Programming Design Pattern - Strategy Pattern Applied - Best Practise

Hi there!

Today i'm gonna show the strategy design pattern in action. The strategy design pattern is a very useful programming design pattern while dealing with mutable behaviors.

I'm assuming here you already know the concepts and i'll be focusing on practise. The example i will provide is a nice way to show it how it could looks like. You can always come back here, take it, adapt it and use it in your applictions as you may need. So be sure you bookmark it or join the group here on the right side of this post subscribing it.

First of all, let's take a look at the UML diagram of it. After that we will take the analogy for our example.

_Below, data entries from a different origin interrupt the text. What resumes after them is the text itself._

lemma abs_set_integral_dev_below_tail_le:
  assumes dev: "\<And>s. 0 < s \<Longrightarrow> \<bar>dev_below f s\<bar> \<le> K" and n: "1 \<le> n" and t: "0 < t"
  shows "\<bar>LINT s:{t<..}|lborel. exp_dens a1 s / exp_cdf a1 s * (\<rho> s ^ n * dev_below f s)\<bar>
    \<le> K * (a2 / a1) * reject_moment (n - 1)"
proof -
  have K: "0 \<le> K * (a2 / a1)" using dev[of 1] a1_pos a2_pos by simp
  have "\<bar>LINT s:{t<..}|lborel. exp_dens a1 s / exp_cdf a1 s * (\<rho> s ^ n * dev_below f s)\<bar>
      \<le> (LINT s:{t<..}|lborel. K * (a2 / a1) * (exp_dens a1 s * \<rho> s ^ (n - 1)))"
  proof (rule abs_set_integral_le)
    show "set_integrable lborel {t<..} (\<lambda>s. K * (a2 / a1) * (exp_dens a1 s * \<rho> s ^ (n - 1)))"
      using t by (intro set_integrable_mult_right set_integrable_reject_moment) auto
    show "\<bar>exp_dens a1 s / exp_cdf a1 s * (\<rho> s ^ n * dev_below f s)\<bar>
        \<le> K * (a2 / a1) * (exp_dens a1 s * \<rho> s ^ (n - 1))" if "s \<in> {t<..}" for s
    proof -
      have s: "0 < s" "0 < exp_cdf a1 s" using that t exp_cdf_pos[OF a1_pos, of s] by auto
      have "\<rho> s ^ n / exp_cdf a1 s * \<bar>dev_below f s\<bar> \<le> a2 / a1 * \<rho> s ^ (n - 1) * K"
        using imh_rho_power_div_exp_cdf_le[OF s(1) n] dev[OF s(1)] imh_rho_nonneg[of s] s a1_pos a2_pos
        by (intro mult_mono) auto
      then have "exp_dens a1 s * (\<rho> s ^ n / exp_cdf a1 s * \<bar>dev_below f s\<bar>)
          \<le> exp_dens a1 s * (a2 / a1 * \<rho> s ^ (n - 1) * K)"
        using dens1_pos[of s] by (intro mult_left_mono) auto
      then show ?thesis
        using s dens1_pos[of s] imh_rho_nonneg[of s] by (simp add: abs_mult ac_simps)
    qed
  qed
  also have "\<dots> \<le> K * (a2 / a1) * reject_moment (n - 1)"
  proof -
    have "0 \<le> (LINT s:{0<..t}|lborel. exp_dens a1 s * \<rho> s ^ (n - 1))"
      unfolding set_lebesgue_integral_def using dens1_pos imh_rho_nonneg
      by (intro integral_nonneg_AE AE_I2) (auto split: split_indicator simp: less_imp_le)
    then have "(LINT s:{t<..}|lborel. exp_dens a1 s * \<rho> s ^ (n - 1)) \<le> reject_moment (n - 1)"
      unfolding reject_moment_def
      using set_integral_Ioi_split[OF set_integrable_reject_moment less_imp_le[OF t]] by simp
    with K show ?thesis by (simp only: set_integral_mult_right mult_left_mono)
  qed
  finally show ?thesis .
qed

lemma abs_imh_P_funpow_le:
  assumes f: "bdd_on_pos B f" and mean: "(LINT x:{0<..}|lborel. exp_dens a1 x * f x) = 0"
    and dev: "\<And>s. 0 < s \<Longrightarrow> \<bar>dev_below f s\<bar> \<le> K" and n: "1 \<le> n" and t: "0 < t"
  shows "\<bar>(P ^^ n) f t\<bar> \<le> K * \<rho> t ^ n + K * (a2 / a1) * reject_moment (n - 1)"
proof -
  have "\<bar>\<rho> t ^ n * dev_below f t\<bar> \<le> K * \<rho> t ^ n"
    using mult_right_mono[OF dev[OF t] zero_le_power[OF imh_rho_nonneg, of t n]] t
    by (simp add: abs_mult imh_rho_nonneg mult.commute)
  then show ?thesis
    using abs_set_integral_dev_below_tail_le[OF dev n t]
    unfolding imh_P_funpow_eq[OF f mean t] by (smt (verit) abs_triangle_ineq4)
qed

lemma imh_P_funpow_sq_le:
  assumes f: "bdd_on_pos B f" and mean: "(LINT x:{0<..}|lborel. exp_dens a1 x * f x) = 0"
    and dev: "\<And>s. 0 < s \<Longrightarrow> \<bar>dev_below f s\<bar> \<le> K" and n: "1 \<le> n" and x: "0 < x"
  shows "((P ^^ n) f x)\<^sup>2 \<le> 2 * K\<^sup>2 * \<rho> x ^ (n - 1) + 2 * K\<^sup>2 * (a2 / a1)\<^sup>2 * (reject_moment (n - 1))\<^sup>2"
proof -
  define L where "L = reject_moment (n - 1)"
  define c where "c = a2 / a1"
  have "\<rho> x ^ n \<le> 1" "\<rho> x ^ n \<le> \<rho> x ^ (n - 1)" "0 \<le> \<rho> x ^ n"
    using imh_rho_nonneg[of x] imh_rho_le_1[of x] x by (auto intro: power_decreasing power_le_one)
  then have "\<rho> x ^ n * \<rho> x ^ n \<le> 1 * \<rho> x ^ (n - 1)" by (intro mult_mono) auto
  then have "K\<^sup>2 * (\<rho> x ^ n * \<rho> x ^ n) \<le> K\<^sup>2 * \<rho> x ^ (n - 1)" by (intro mult_left_mono) auto
  then have "(K * \<rho> x ^ n)\<^sup>2 \<le> K\<^sup>2 * \<rho> x ^ (n - 1)"
    by (simp add: power2_eq_square ac_simps)
  moreover have "\<bar>(P ^^ n) f x\<bar> \<le> K * \<rho> x ^ n + K * c * L"
    unfolding L_def c_def by (rule abs_imh_P_funpow_le[OF f mean dev n x])
  then have "((P ^^ n) f x)\<^sup>2 \<le> (K * \<rho> x ^ n + K * c * L)\<^sup>2"
    by (simp add: abs_le_square_iff[symmetric] abs_of_nonneg order_trans[OF abs_ge_zero])
  moreover have "(K * \<rho> x ^ n + K * c * L)\<^sup>2 \<le> 2 * (K * \<rho> x ^ n)\<^sup>2 + 2 * (K * c * L)\<^sup>2"
    using sum_squares_bound[of "K * \<rho> x ^ n" "K * c * L"] by (simp add: power2_eq_square algebra_simps)
  ultimately have "((P ^^ n) f x)\<^sup>2 \<le> 2 * K\<^sup>2 * \<rho> x ^ (n - 1) + 2 * K\<^sup>2 * c\<^sup>2 * L\<^sup>2"
    by (simp add: power_mult_distrib)
  then show ?thesis by (simp only: L_def c_def)
qed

The UML diagram of the Strategy Pattern

Pay close attention, because once you understand that, everything will become clear and simple to understand. That's the reason I'm putting always the UML first. That way you'll get an eye for it with the time.


Defining the strategy

That's the part a like the most. Designing, taking decissions, doing analysis and design like you've learned in the past, but applying now in the practise. At this point, you should separate the 'inmutable' from the 'mutable' behaviors. In our case, this is the weapon behavior, that can vary acc. to the game stage we are. The imutable is the warrior which just references to the strategy.

// 1. DEFINE THE STRATEGY
public interface WeaponBehavior {
    void fire();
}
// 2. DEFINE THE WARRIOR AND USE
//    THE MUTABLE BEHAVIORS
public abstract class Warrior {
    // USE MUTABLE WEAPON BEHAVIORS
    protected WeaponBehavior weapon;
    
    public Warrior() {
        super();
        this.weapon = new DefaultWeapon();
    }
    public void setWeapon(WeaponBehavior weapon){
        this.weapon=weapon;
    }
    public void fireWeapon(){
        this.weapon.fire();
    }
    public abstract void fight();
}

The Warrior

The warrior can set weapons and fires it acc. to the used strategy. That's a very simple implementation.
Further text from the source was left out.